The reason why I lingered a little longer in Neh. 8 was 1) God did not allow me to go further 2) Revival and brokenness are so very important for the Christian life! One of the things someone once told me that haunts me every time I get up here to preach is, “Do you serve out of brokenness or giftedness?”

A great question! After you serve for a while, things can kind of get automatic. That is where the danger is in ministry. I remember in the beginning when I started preaching, I would be so nervous, so in prayer and so dependent on God. But as I got used to it, there are times I know I am preaching out of the flesh instead of in the Spirit. You are tempted to rely on yourself. So as I’m preparing and even right up to Sunday morning, I am praying all the time, knowing unless the Lord builds the house, the laborers labor in vain (Ps. 127:1) and apart from Him I can do nothing (John 15:5). And God says in Is. 66:2 that He looks upon those who are broken and those who tremble at His Word! So I still get nervous up here and I hope to always be! So I pray that question haunts you every time you get up and serve in any capacity.

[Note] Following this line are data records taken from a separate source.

(* For any parameters $l_c>1$ and $r_c\in(0,1)$ let $(e^{2u(t)}(ds^2+d\theta^2))_{t\in[0,\infty)}$ be the corresponding cb-Ricci flow. Then \[ u(t,s) \ge -\log\cosh(s-s_b) + \tfrac12\log\bigl(2(1-t)\bigr) \] for all $(t,s)\in[0,1)\times\mathbb R$.
   Context: Setting (cb-surface): for a length $l_c>0$ and radius $r_c\in(0,1)$, the cb-surface is the rotationally symmetric plane $(\mathbb C,g_{\mathsf{cb}})$ with $g_{\mathsf{cb}}=e^{2u_{\mathsf{cb}}(s)}(ds^2+d\theta^2)$ in logarithmic cylindrical coordinates $z=e^{-s+s_e+i\theta}$, $(s,\theta)\in\mathbb R\times[0,2\pi)$, where $u_{\mathsf{cb}}(s)=-s+s_e$ for $s\le s_0$; $u_{\mathsf{cb}}(s)=-\log(r_c^{-1}\cos(r_cs+l_c))$ for $s\in(s_0,-l_c/r_c)$; $u_{\mathsf{cb}}(s)=\log r_c$ for $s\in[-l_c/r_c,0]$; $u_{\mathsf{cb}}(s)=-\log(r_c^{-1}\cos(r_cs))$ for $s\in(0,s_2]$; $u_{\mathsf{cb}}(s)=-\log\cosh(s-s_b)+\frac12\log2$ for $s>s_2$; with parameters $s_0\in(-(l_c+\pi/2)/r_c,-l_c/r_c)$, $s_e\in(s_0,-l_c/r_c)$, $s_2\in(0,\pi/(2r_c))$, $s_b>s_2$ chosen uniquely so that $u_{\mathsf{cb}}\in C^1(\mathbb R)$. The cb-Ricci flow is the Ricci flow $g(t)=e^{2u(t)}(ds^2+d\theta^2)$ on $\mathbb C$ with $g(0)=g_{\mathsf{cb}}$ which is instantaneously complete ($g(t)$ complete for $t>0$) and maximally stretched (for any Ricci flow $\tilde g(t)$ on $\mathbb C$, $t\in[0,\tilde T]$, with $\tilde g(0)\le g(0)$, one has $\tilde g(t)\le g(t)$), which exists and is unique for all time. *)

theory Defs
  imports "HOL-Analysis.Analysis"
begin

text \<open>Conformal factor of the cb-surface in logarithmic cylindrical coordinates:
  g_cb = exp(2 u_cb(s)) (ds^2 + d theta^2).\<close>
definition u_cb :: "real \<Rightarrow> real \<Rightarrow> real \<Rightarrow> real \<Rightarrow> real \<Rightarrow> real \<Rightarrow> real \<Rightarrow> real" where
  "u_cb lc rc s0 se s2 sb s =
     (if s \<le> s0 then - s + se
      else if s < - lc / rc then - ln (cos (rc * s + lc) / rc)
      else if s \<le> 0 then ln rc
      else if s \<le> s2 then - ln (cos (rc * s) / rc)
      else - ln (cosh (s - sb)) + ln 2 / 2)"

Building God’s people is based on personal revival. This is what we have been talking about for the last couple of weeks. Our working definition said revival was “a renewed interest and passion for God and the things of God after a period of indifference and apathy.” What are the necessary ingredients for personal revival? We said it all starts with:

 I. A growing appetite for the Word of God (Neh. 8:1-8)

This is where the fire is fueled. The Jews here wanted Ezra the priest to bring out the Book of the Law of Moses to be read to them. Being in the Word of God brings you to:

 II. A glorifying adoration for the God of the Word (Neh. 8:6-8)

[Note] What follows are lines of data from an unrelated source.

(* Let $G$ be a non-discrete locally compact unimodular group with Haar measure $\nu$. For every compact set $B\subseteq G$ and every neighborhood $U$ of the identity there exist a compact set $C\supseteq B$ and a finite set $F\subseteq C$ such that $C\subseteq FU$ and for every $I\subseteq F$, $$\nu(IU\cap C)\ge \frac{|I|}{|F|}\,\nu(C).$$ *)

theory Defs
  imports "HOL-Analysis.Analysis"
begin

(* Groups are written additively: the type class topological_group_add is a
   (not necessarily commutative) group with continuous operations. *)

definition locally_compact_group :: "'a::{topological_group_add,t2_space} itself \<Rightarrow> bool" where
  "locally_compact_group _ \<longleftrightarrow>
     (\<forall>x::'a. \<exists>V K. open V \<and> compact K \<and> x \<in> V \<and> V \<subseteq> K)"

definition non_discrete :: "'a::topological_space itself \<Rightarrow> bool" where
  "non_discrete _ \<longleftrightarrow> \<not> (\<forall>x::'a. open {x})"

definition haar_measure :: "'a::{topological_group_add,t2_space} measure \<Rightarrow> bool" where
  "haar_measure \<nu> \<longleftrightarrow>
     sets \<nu> = sets borel \<and>
     (\<forall>g A. A \<in> sets borel \<longrightarrow> emeasure \<nu> ((\<lambda>x. g + x) ` A) = emeasure \<nu> A) \<and>
     (\<forall>K. compact K \<longrightarrow> emeasure \<nu> K < \<infinity>) \<and>
     (\<forall>V. open V \<and> V \<noteq> {} \<longrightarrow> emeasure \<nu> V > 0) \<and>
     (\<forall>A \<in> sets borel. emeasure \<nu> A = (INF V\<in>{V. open V \<and> A \<subseteq> V}. emeasure \<nu> V)) \<and>
     (\<forall>V. open V \<longrightarrow> emeasure \<nu> V = (SUP K\<in>{K. compact K \<and> K \<subseteq> V}. emeasure \<nu> K))"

All the Scriptures lead you to find the one true and living God. We know that Jesus tells us that the entire Scriptures point to Him. The bigger our view of God the better off we will be. Looking in God’s book leaves you looking up at the awesome majesty and beauty of God. But this does not end there. The next ingredient is: 

III. A grieving awareness of sin (Neh. 8:9)

We know the reading of the Law produced a deep, emotional response from the people. When you truly see God on His throne, you always see self in the dirt. You see sin in the mirror of God’s law. Brokenness results in seeing how perfect and holy God is and how far we have fallen short of God’s glory. One of the reasons we looked at that list was so that we see sin in our own lives. How can you run to the fountain filled with blood drawn from Emmanuel’s veins if you don’t realize how dirty you are? Leonard Ravenhill once said, “Everyone wants to be clothed, but no one wants to be stripped.”[2] I pray we keep that list ever before us as we seek to grow in our awareness of sin, keeping us crying before God: “Naked I come to thee for dress, helpless I come to thee for grace; Foul, I, to the fountain fly, wash me Savior or I’ll die.”

We have one more ingredient in the recipe of revival:

IV. A greater attitude of joyful obedience (Neh. 8:10-18)

To understand what’s going on here, we need to look at Lev. 23:23-25. Here we see that the Feast of Trumpets, i.e. Rosh Hashanah, was to be celebrated in the beginning of the seventh month, which was the New Year.  According to Baker Encyclopedia of the Bible, “The trumpets were blown on the 1st day (Lv 23:24) as the animal and cereal sacrifices were offered...This feast was to be observed as a day of solemn rest and as a holy convocation, and the trumpets were sounded as a triumphant memorial to God’s great provision for his people through the Sinai covenant.”[3]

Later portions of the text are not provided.